**Requirement:** From the entries, copy each line that includes "exponent".

Data excerpts:
lemma grid_order_interaction_term:
  assumes L: "L > 0"
    and IH: "\<And>j'. j' < j \<Longrightarrow> grid_order ((real j' - 1) / 2) (column F L j')"
    and m: "1 \<le> m" "2 * m \<le> j - 1" and js: "js \<in> tuples m (j - m - 1)"
  shows "grid_order ((real j - 1) / 2) (interaction_term F L j m js)"
proof -
  have "grid_order ((real (js ! p) - 1) / 2 - 1)
          (\<lambda>N i. nabla_plus (column F L (js ! p) N) i / (real (js ! p) + 1))" if "p < m" for p
    using tuples_entry[OF js that] m by (intro grid_order_divide grid_order_nabla_plus IH) auto
  then have "grid_order (\<Sum>p<m. (real (js ! p) - 1) / 2 - 1)
               (\<lambda>N i. \<Prod>p<m. nabla_plus (column F L (js ! p) N) i / (real (js ! p) + 1))"
    by (rule grid_order_prod)
  then have term_order: "grid_order ((\<Sum>p<m. (real (js ! p) - 1) / 2 - 1) - 1 + real (m + 2))
               (interaction_term F L j m js)"
    unfolding interaction_term_def[abs_def]
    by (intro grid_order_scale[OF grid_step_powi_bound[OF L]] grid_order_nabla_minus)
  have "(\<Sum>p<m. (real (js ! p) - 1) / 2 - 1) = (real (j - m - 1) - real m) / 2 - real m"
    by (simp only: sum_subtractf tuples_order_sum[OF js]) simp
  then have exponent:
      "(\<Sum>p<m. (real (js ! p) - 1) / 2 - 1) - 1 + real (m + 2) = (real j + 1) / 2 - real m"
    using m by (simp add: of_nat_diff field_simps)
  have "grid_order ((real j + 1) / 2 - real m) (interaction_term F L j m js)"
    using term_order unfolding exponent .
  moreover have "(real j + 1) / 2 - real m \<le> (real j - 1) / 2"
  proof -
    have "1 \<le> real m" using m by simp
    then show ?thesis by (simp add: field_simps)
  qed
  ultimately show ?thesis using grid_order_mono by blast
qed

lemma grid_order_force_term:
  assumes L: "L > 0" and per: "\<forall>x. F (x + L) = F x" and sm: "smooth_real F"
    and IH: "\<And>j'. j' < j \<Longrightarrow> grid_order ((real j' - 1) / 2) (column F L j')"
    and k: "1 \<le> k" "2 * k \<le> j - 1" and js: "js \<in> tuples k (j - k - 1)"
  shows "grid_order ((real j - 1) / 2) (force_term F L j k js)"
proof -
  have "grid_order ((real (js ! p) - 1) / 2) (\<lambda>N i. column F L (js ! p) N i / (real (js ! p) + 1))"
    if "p < k" for p
    using tuples_entry[OF js that] k by (intro grid_order_divide IH) auto
  then have "grid_order (\<Sum>p<k. (real (js ! p) - 1) / 2)
               (\<lambda>N i. \<Prod>p<k. column F L (js ! p) N i / (real (js ! p) + 1))"
    by (rule grid_order_prod)
  then have "grid_order (0 + (\<Sum>p<k. (real (js ! p) - 1) / 2)) (force_term F L j k js)"
    unfolding force_term_def[abs_def]
    by (intro grid_order_mult grid_order_cmult grid_order_sample_deriv[OF L per sm])
  moreover have "0 + (\<Sum>p<k. (real (js ! p) - 1) / 2) = (real j - 1) / 2 - real k"
    using k by (simp add: tuples_order_sum[OF js] of_nat_diff field_simps)
  ultimately have "grid_order ((real j - 1) / 2 - real k) (force_term F L j k js)" by simp
  then show ?thesis by (rule grid_order_mono[rotated]) linarith
qed

lemma grid_order_column:
  assumes L: "L > 0" and per: "\<forall>x. F (x + L) = F x" and sm: "smooth_real F"
  shows "grid_order ((real j - 1) / 2) (column F L j)"
proof (induction j rule: less_induct)
  case (less j)
  consider "j = 0 \<or> j = 2" | "j = 1" | "j \<ge> 3" by linarith
  then show ?case
  proof cases
    case 1
    then have "column F L j = (\<lambda>N i. 0)"
      unfolding column_def by (auto simp: fun_eq_iff cstep_def)
    then show ?thesis using grid_order_zero by simp
  next
    case 2
    then have "column F L j = (\<lambda>N i. (deriv ^^ 0) F (xpt L N i))"
      unfolding column_def by (auto simp: fun_eq_iff cstep_def)
    then show ?thesis using grid_order_sample_deriv[OF L per sm, of 0] 2 by simp
  next
    case 3
    have "grid_order ((real j - 1) / 2) (\<lambda>N i.
        - (\<Sum>m = 1..(j - 1) div 2. \<Sum>js \<in> tuples m (j - m - 1). interaction_term F L j m js N i)
        + (\<Sum>k = 1..(j - 1) div 2. \<Sum>js \<in> tuples k (j - k - 1). force_term F L j k js N i))"
      using less.IH
      by (intro grid_order_add grid_order_neg grid_order_sum grid_order_interaction_term
          grid_order_force_term L per sm) auto
    then show ?thesis using column_rec[OF 3] by (simp add: fun_eq_iff)
  qed
qed


section \<open>From polynomial bounds to the growth index\<close>

lemma limsup_ln_ratio_bound:
  fixes c :: "nat \<Rightarrow> real"
  assumes bound: "\<forall>N\<ge>1. \<bar>c N\<bar> \<le> C * real N powr a" and a: "a \<ge> 0"
  shows "limsup (\<lambda>N. ereal (ln \<bar>c N\<bar> / ln (real N))) \<le> ereal a"
proof -
  define C' where "C' = max C 1"
  have C': "C' \<ge> 1" unfolding C'_def by simp
  have eventually_le:
    "eventually (\<lambda>N. ereal (ln \<bar>c N\<bar> / ln (real N)) \<le> ereal (ln C' / ln (real N) + a)) sequentially"
    using eventually_ge_at_top[of 2]
  proof eventually_elim
    case (elim N)
    have lnN: "ln (real N) > 0" using elim by simp
    have "ln \<bar>c N\<bar> \<le> ln C' + a * ln (real N)"
    proof (cases "c N = 0")
      case True
      then show ?thesis using C' lnN a by simp
    next
      case False
      have "\<bar>c N\<bar> \<le> C * real N powr a" using bound elim by simp
      also have "\<dots> \<le> C' * real N powr a" unfolding C'_def by (intro mult_right_mono) auto
      finally have "ln \<bar>c N\<bar> \<le> ln (C' * real N powr a)" using False by simp
      also have "\<dots> = ln C' + a * ln (real N)" using C' elim by (simp add: ln_mult ln_powr)
      finally show ?thesis .
    qed
    then have "ln \<bar>c N\<bar> / ln (real N) \<le> ln C' / ln (real N) + a"
      using lnN by (simp add: field_simps)
    then show ?case by simp
  qed
  have "((\<lambda>N. ln C' / ln (real N)) \<longlongrightarrow> 0) sequentially"
    by (intro tendsto_divide_0[OF tendsto_const] filterlim_at_top_imp_at_infinity
        filterlim_compose[OF ln_at_top filterlim_real_sequentially])
  then have "((\<lambda>N. ereal (ln C' / ln (real N) + a)) \<longlongrightarrow> ereal (0 + a)) sequentially"
    by (intro tendsto_ereal tendsto_add tendsto_const)
  then have "limsup (\<lambda>N. ereal (ln C' / ln (real N) + a)) = ereal a"
    by (intro lim_imp_Limsup) auto
  with Limsup_mono[OF eventually_le] show ?thesis by simp
qed


theorem mainTheorem6:
  fixes F :: "real \<Rightarrow> real" and L :: real and i :: int and j :: nat
  assumes "L > 0"
    and "\<forall>x. F (x + L) = F x"
    and "smooth_real F"
    and "i \<ge> 1" and "j \<ge> 1"
  shows "limsup (\<lambda>N. ereal (ln \<bar>ccoef F L N i j\<bar> / ln (real N)))
           \<le> ereal ((real j - 1) / 2)"
proof -
  obtain C where "\<forall>N\<ge>1. \<forall>i. \<bar>column F L j N i\<bar> \<le> C * real N powr ((real j - 1) / 2)"
    using grid_order_bound[OF grid_order_column[OF assms(1-3)]] by blast
  then have "\<forall>N\<ge>1. \<bar>ccoef F L N i j\<bar> \<le> C * real N powr ((real j - 1) / 2)"
    by (simp add: ccoef_def column_def)
  then show ?thesis using limsup_ln_ratio_bound assms(5) by simp
qed

end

**Response to this exercise:**
  then have exponent:
    using term_order unfolding exponent .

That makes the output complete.